Data for this exercise:
(* Let $\Gamma$ be an inhomogeneous $Y$-semigroup. Assume that $Y_1 \subseteq \mathcal{D}(A_\Gamma)$ and that $\Gamma$ is $Y_1$-super strongly $s$-continuous and $Y_1$-strongly $t$-continuous. Then \[ \frac{\partial}{\partial s} \Gamma(s,t)f=-A_\Gamma(s) \Gamma(s,t)f \qquad \forall (s,t) \in \Delta_J,\ \forall f \in Y_1 . \]
   Context: Let $(Y,\|\cdot\|)$ be a real separable Banach space and $(Y_1,\|\cdot\|_{Y_1})$ a real separable Banach space continuously embedded in $Y$ (i.e. $Y_1\subseteq Y$ and $\|f\|\le c_1\|f\|_{Y_1}$ for all $f\in Y_1$, for some constant $c_1$). $\mathcal B(Y)$ denotes the bounded linear operators on $Y$. $J$ is either $\mathbb{R}^+$ or $[0,T_\infty]$ for some $T_\infty>0$, and $\Delta_J=\{(s,t)\in J^2: s\le t\}$, $J(s)=\{t\in J: t\ge s\}$. An inhomogeneous $Y$-semigroup is a map $\Gamma:\Delta_J\to\mathcal B(Y)$ with $\Gamma(t,t)=I$ for all $t\in J$ and $\Gamma(s,r)\Gamma(r,t)=\Gamma(s,t)$ whenever $s\le r\le t$ in $J$. Its generator: for $t\in J$, $\mathcal D(A_\Gamma(t))$ is the set of $f\in Y$ such that $\lim_{h\downarrow0,\,t+h\in J}h^{-1}(\Gamma(t,t+h)-I)f$ and $\lim_{h\downarrow 0,\,t-h\in J}h^{-1}(\Gamma(t-h,t)-I)f$ exist in $Y$ and are equal, $A_\Gamma(t)f$ being this common value; $\mathcal D(A_\Gamma)=\bigcap_{t\in J}\mathcal D(A_\Gamma(t))$. All limits are in the $Y$-norm unless stated. $\Gamma$ is $Y_1$-strongly $t$-continuous if for every $f\in Y_1$ and $s\in J$ the map $u\mapsto\Gamma(s,u)f$ is continuous from $J(s)$ into $(Y,\|\cdot\|)$. $\Gamma$ is $Y_1$-super strongly $s$-continuous if $\Gamma(s,t)Y_1\subseteq Y_1$ for all $(s,t)\in\Delta_J$ and, for every $f\in Y_1$ and $t\in J$, the map $u\mapsto\Gamma(u,t)f$ is continuous on $\{u\in J:u\le t\}$ for the norm $\|\cdot\|_{Y_1}$. Derivatives at endpoints of the domain are one-sided. *)

theory Defs
  imports "HOL-Analysis.Analysis"
begin

text \<open>Y is the type 'y, Y1 is the type 'z, embedded into Y by a bounded linear
injection emb (continuous embedding). Separability = second countability.\<close>

definition admissible_J :: "real set \<Rightarrow> bool" where
  "admissible_J J \<longleftrightarrow> J = {0..} \<or> (\<exists>T>0. J = {0..T})"

definition inhom_semigroup :: "real set \<Rightarrow> (real \<Rightarrow> real \<Rightarrow> 'y::real_normed_vector \<Rightarrow>\<^sub>L 'y) \<Rightarrow> bool" where
  "inhom_semigroup J \<Gamma> \<longleftrightarrow>
     (\<forall>t\<in>J. \<Gamma> t t = id_blinfun) \<and>
     (\<forall>s\<in>J. \<forall>r\<in>J. \<forall>t\<in>J. s \<le> r \<and> r \<le> t \<longrightarrow> \<Gamma> s r o\<^sub>L \<Gamma> r t = \<Gamma> s t)"

definition gen_limit :: "real set \<Rightarrow> (real \<Rightarrow> real \<Rightarrow> 'y::real_normed_vector \<Rightarrow>\<^sub>L 'y) \<Rightarrow> real \<Rightarrow> 'y \<Rightarrow> 'y \<Rightarrow> bool" where
  "gen_limit J \<Gamma> t f L \<longleftrightarrow>
     ((\<lambda>h. (1/h) *\<^sub>R (\<Gamma> t (t+h) f - f)) \<longlongrightarrow> L) (at 0 within {h. 0 < h \<and> t + h \<in> J}) \<and>
     ((\<lambda>h. (1/h) *\<^sub>R (\<Gamma> (t-h) t f - f)) \<longlongrightarrow> L) (at 0 within {h. 0 < h \<and> t - h \<in> J})"

definition gen_dom_at :: "real set \<Rightarrow> (real \<Rightarrow> real \<Rightarrow> 'y::real_normed_vector \<Rightarrow>\<^sub>L 'y) \<Rightarrow> real \<Rightarrow> 'y set" where
  "gen_dom_at J \<Gamma> t = {f. \<exists>L. gen_limit J \<Gamma> t f L}"

definition generator :: "real set \<Rightarrow> (real \<Rightarrow> real \<Rightarrow> 'y::real_normed_vector \<Rightarrow>\<^sub>L 'y) \<Rightarrow> real \<Rightarrow> 'y \<Rightarrow> 'y" where
  "generator J \<Gamma> t f = (SOME L. gen_limit J \<Gamma> t f L)"

definition gen_dom :: "real set \<Rightarrow> (real \<Rightarrow> real \<Rightarrow> 'y::real_normed_vector \<Rightarrow>\<^sub>L 'y) \<Rightarrow> 'y set" where
  "gen_dom J \<Gamma> = (\<Inter>t\<in>J. gen_dom_at J \<Gamma> t)"

definition strongly_t_cont :: "real set \<Rightarrow> (real \<Rightarrow> real \<Rightarrow> 'y::real_normed_vector \<Rightarrow>\<^sub>L 'y) \<Rightarrow> ('z \<Rightarrow> 'y) \<Rightarrow> bool" where
  "strongly_t_cont J \<Gamma> emb \<longleftrightarrow>
     (\<forall>f s. s \<in> J \<longrightarrow> continuous_on {u\<in>J. s \<le> u} (\<lambda>u. \<Gamma> s u (emb f)))"

definition super_strongly_s_cont :: "real set \<Rightarrow> (real \<Rightarrow> real \<Rightarrow> 'y::real_normed_vector \<Rightarrow>\<^sub>L 'y) \<Rightarrow> ('z::topological_space \<Rightarrow> 'y) \<Rightarrow> bool" where
  "super_strongly_s_cont J \<Gamma> emb \<longleftrightarrow>
     (\<forall>s\<in>J. \<forall>t\<in>J. s \<le> t \<longrightarrow> (\<lambda>y. \<Gamma> s t y) ` range emb \<subseteq> range emb) \<and>
     (\<forall>f t. t \<in> J \<longrightarrow> (\<exists>g. (\<forall>u\<in>{u\<in>J. u \<le> t}. emb (g u) = \<Gamma> u t (emb f))
                              \<and> continuous_on {u\<in>J. u \<le> t} g))"

end

theory Submission
  imports Defs
begin

text \<open>
  For \<open>u < s\<close> the difference quotient of \<open>u \<mapsto> \<Gamma>(u,t)f\<close> is, by the semigroup law, minus the
  left generator quotient at \<open>s\<close> applied to the fixed vector \<open>\<Gamma>(s,t)f\<close>. For \<open>u > s\<close> it is
  \<open>-(\<Gamma>(s,u) - I)/(u-s)\<close> applied to the moving vector \<open>\<Gamma>(u,t)f\<close>. These operators, viewed on \<open>Y\<^sub>1\<close>,
  converge pointwise because \<open>Y\<^sub>1 \<subseteq> \<D>(A\<^sub>\<Gamma>)\<close>; by Banach--Steinhaus they are uniformly bounded
  along every sequence \<open>u\<^sub>n \<rightarrow> s\<close>, so the \<open>Y\<^sub>1\<close>-continuity of \<open>u \<mapsto> \<Gamma>(u,t)f\<close> lets us replace
  the moving vector by \<open>\<Gamma>(s,t)f\<close>.
\<close>

lemma pointwise_bounded_family_bounded_on_ball:
  fixes T :: "'i \<Rightarrow> 'z::banach \<Rightarrow> 'y::real_normed_vector"
  assumes lin: "\<And>i. bounded_linear (T i)"
    and pointwise_bounded: "\<And>z. \<exists>B. \<forall>i. norm (T i z) \<le> B"
  shows "\<exists>x0 r k. r > 0 \<and> (\<forall>i. \<forall>z\<in>ball x0 r. norm (T i z) \<le> k)"
proof -
  define F where "F k = {z. \<forall>i. norm (T i z) \<le> real k}" for k :: nat
  have closed_F: "closed (F k)" for k
  proof -
    have "F k = (\<Inter>i. {z. norm (T i z) \<le> real k})" by (auto simp: F_def)
    moreover have "closed {z. norm (T i z) \<le> real k}" for i
      by (intro closed_Collect_le continuous_on_norm linear_continuous_on lin continuous_on_const)
    ultimately show ?thesis by auto
  qed
  have "z \<in> \<Union>(range F)" for z
  proof -
    obtain B where B: "\<forall>i. norm (T i z) \<le> B" using pointwise_bounded by blast
    obtain k :: nat where "B \<le> real k" using real_arch_simple by blast
    then have "z \<in> F k" using B by (auto simp: F_def intro: order_trans)
    then show ?thesis by blast
  qed
  then have cover: "\<Union>(range F) = UNIV" by auto
  have "\<exists>k. interior (F k) \<noteq> {}"
  proof (rule ccontr)
    assume "\<not> ?thesis"
    then have "euclidean interior_of \<Union>(range F) = {}"
      by (intro Baire_category_alt) (auto simp: completely_metrizable_space_euclidean closed_F)
    then show False using cover by simp
  qed
  then obtain k r x0 where "r > 0" "ball x0 r \<subseteq> F k"
    by (metis equals0I open_contains_ball open_interior interior_subset subset_trans)
  then show ?thesis unfolding F_def by blast
qed

lemma banach_steinhaus:
  fixes T :: "'i \<Rightarrow> 'z::banach \<Rightarrow> 'y::real_normed_vector"
  assumes lin: "\<And>i. bounded_linear (T i)"
    and pointwise_bounded: "\<And>z. \<exists>B. \<forall>i. norm (T i z) \<le> B"
  shows "\<exists>M. \<forall>i z. norm (T i z) \<le> M * norm z"
proof -
  obtain x0 r k where r: "r > 0" and ball: "\<And>i z. z \<in> ball x0 r \<Longrightarrow> norm (T i z) \<le> k"
    using pointwise_bounded_family_bounded_on_ball[OF lin pointwise_bounded] by blast
  have "norm (T i z) \<le> (4 * k / r) * norm z" for i z
  proof (cases "z = 0")
    case True
    then show ?thesis using linear_0[OF bounded_linear.linear[OF lin]] by simp
  next
    case False
    define c where "c = r / (2 * norm z)"
    have c: "c > 0" using False r by (simp add: c_def)
    have "norm (c *\<^sub>R z) = r / 2" using False r by (simp add: c_def)
    then have "x0 + c *\<^sub>R z \<in> ball x0 r" using r by (simp add: dist_norm)
    then have bound_shifted: "norm (T i (x0 + c *\<^sub>R z)) \<le> k" by (rule ball)
    have bound_x0: "norm (T i x0) \<le> k" using r by (intro ball) simp
    have "c *\<^sub>R T i z = T i (x0 + c *\<^sub>R z) - T i x0"
      using bounded_linear.linear[OF lin[of i]] by (simp add: linear_add linear_scale)
    then have "c * norm (T i z) = norm (T i (x0 + c *\<^sub>R z) - T i x0)"
      using c by (metis abs_of_pos norm_scaleR)
    also have "\<dots> \<le> 2 * k"
      using norm_triangle_ineq4[of "T i (x0 + c *\<^sub>R z)" "T i x0"] bound_shifted bound_x0
      by linarith
    finally have "c * norm (T i z) \<le> 2 * k" .
    then have "norm (T i z) \<le> 2 * k / c" using c by (simp add: field_simps)
    also have "2 * k / c = (4 * k / r) * norm z" using False r by (simp add: c_def field_simps)
    finally show ?thesis .
  qed
  then show ?thesis by blast
qed

text \<open>
  Pointwise convergence along a filter does not bound a family of operators uniformly, but it does
  along each sequence, which suffices because the base space is first countable.
\<close>
lemma tendsto_bounded_linear_family_apply_null:
  fixes T :: "'a::first_countable_topology \<Rightarrow> 'z::banach \<Rightarrow> 'y::real_normed_vector"
  assumes lin: "\<And>a. bounded_linear (T a)"
    and convergent: "\<And>z. \<exists>L. ((\<lambda>a. T a z) \<longlongrightarrow> L) (at a0 within S)"
    and null: "(d \<longlongrightarrow> 0) (at a0 within S)"
  shows "((\<lambda>a. T a (d a)) \<longlongrightarrow> 0) (at a0 within S)"
  unfolding tendsto_at_iff_sequentially
proof (intro allI impI)
  fix X assume X: "\<forall>n. X n \<in> S - {a0}" "X \<longlonglongrightarrow> a0"
  have "\<exists>B. \<forall>n. norm (T (X n) z) \<le> B" for z
  proof -
    obtain L where "((\<lambda>a. T a z) \<longlongrightarrow> L) (at a0 within S)" using convergent by blast
    then have "((\<lambda>a. T a z) \<circ> X) \<longlonglongrightarrow> L" using X unfolding tendsto_at_iff_sequentially by blast
    then have "Bseq ((\<lambda>a. T a z) \<circ> X)" by (rule convergent_imp_Bseq[OF convergentI])
    then show ?thesis unfolding Bseq_def by (auto simp: comp_def)
  qed
  then obtain M where M: "\<And>n z. norm (T (X n) z) \<le> M * norm z"
    using banach_steinhaus[of "\<lambda>n. T (X n)"] lin by blast
  have "(d \<circ> X) \<longlonglongrightarrow> 0" using null X unfolding tendsto_at_iff_sequentially by blast
  then have "(\<lambda>n. M * norm (d (X n))) \<longlonglongrightarrow> 0"
    by (intro tendsto_mult_right_zero tendsto_norm_zero) (simp add: comp_def)
  then show "((\<lambda>a. T a (d a)) \<circ> X) \<longlonglongrightarrow> 0"
    by (rule Lim_null_comparison[rotated]) (auto simp: M)
qed

lemma at_within_eq_filtermap_plus:
  fixes s :: "'a::real_normed_vector"
  shows "at s within A = filtermap (\<lambda>h. s + h) (at 0 within {h. s + h \<in> A})"
proof -
  have "nhds s = filtermap (\<lambda>h. s + h) (nhds 0)"
    using filtermap_nhds_shift[of "-s" 0] by (simp add: add.commute)
  then show ?thesis
    by (simp add: filter_eq_iff eventually_filtermap eventually_at_filter)
qed

lemma at_within_eq_filtermap_minus:
  fixes s :: "'a::real_normed_vector"
  shows "at s within A = filtermap (\<lambda>h. s - h) (at 0 within {h. s - h \<in> A})"
proof -
  have "nhds s = filtermap (\<lambda>x. x + s) (nhds 0)"
    using filtermap_nhds_shift[of "-s" 0] by simp
  also have "\<dots> = filtermap (\<lambda>x. x + s) (filtermap uminus (nhds 0))"
    by (simp only: filtermap_nhds_minus minus_zero)
  also have "\<dots> = filtermap (\<lambda>h. s - h) (nhds 0)"
    by (simp add: filtermap_filtermap)
  finally show ?thesis
    by (simp add: filter_eq_iff eventually_filtermap eventually_at_filter)
qed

Your instructions: What's needed is a word-for-word copy of the lines from the one holding "by (intro tendsto_mult_right_zero" through the final line of the data.

Worked solution:
    by (intro tendsto_mult_right_zero tendsto_norm_zero) (simp add: comp_def)
  then show "((\<lambda>a. T a (d a)) \<circ> X) \<longlonglongrightarrow> 0"
    by (rule Lim_null_comparison[rotated]) (auto simp: M)
qed

lemma at_within_eq_filtermap_plus:
  fixes s :: "'a::real_normed_vector"
  shows "at s within A = filtermap (\<lambda>h. s + h) (at 0 within {h. s + h \<in> A})"
proof -
  have "nhds s = filtermap (\<lambda>h. s + h) (nhds 0)"
    using filtermap_nhds_shift[of "-s" 0] by (simp add: add.commute)
  then show ?thesis
    by (simp add: filter_eq_iff eventually_filtermap eventually_at_filter)
qed

lemma at_within_eq_filtermap_minus:
  fixes s :: "'a::real_normed_vector"
  shows "at s within A = filtermap (\<lambda>h. s - h) (at 0 within {h. s - h \<in> A})"
proof -
  have "nhds s = filtermap (\<lambda>x. x + s) (nhds 0)"
    using filtermap_nhds_shift[of "-s" 0] by simp
  also have "\<dots> = filtermap (\<lambda>x. x + s) (filtermap uminus (nhds 0))"
    by (simp only: filtermap_nhds_minus minus_zero)
  also have "\<dots> = filtermap (\<lambda>h. s - h) (nhds 0)"
    by (simp add: filtermap_filtermap)
  finally show ?thesis
    by (simp add: filter_eq_iff eventually_filtermap eventually_at_filter)
qed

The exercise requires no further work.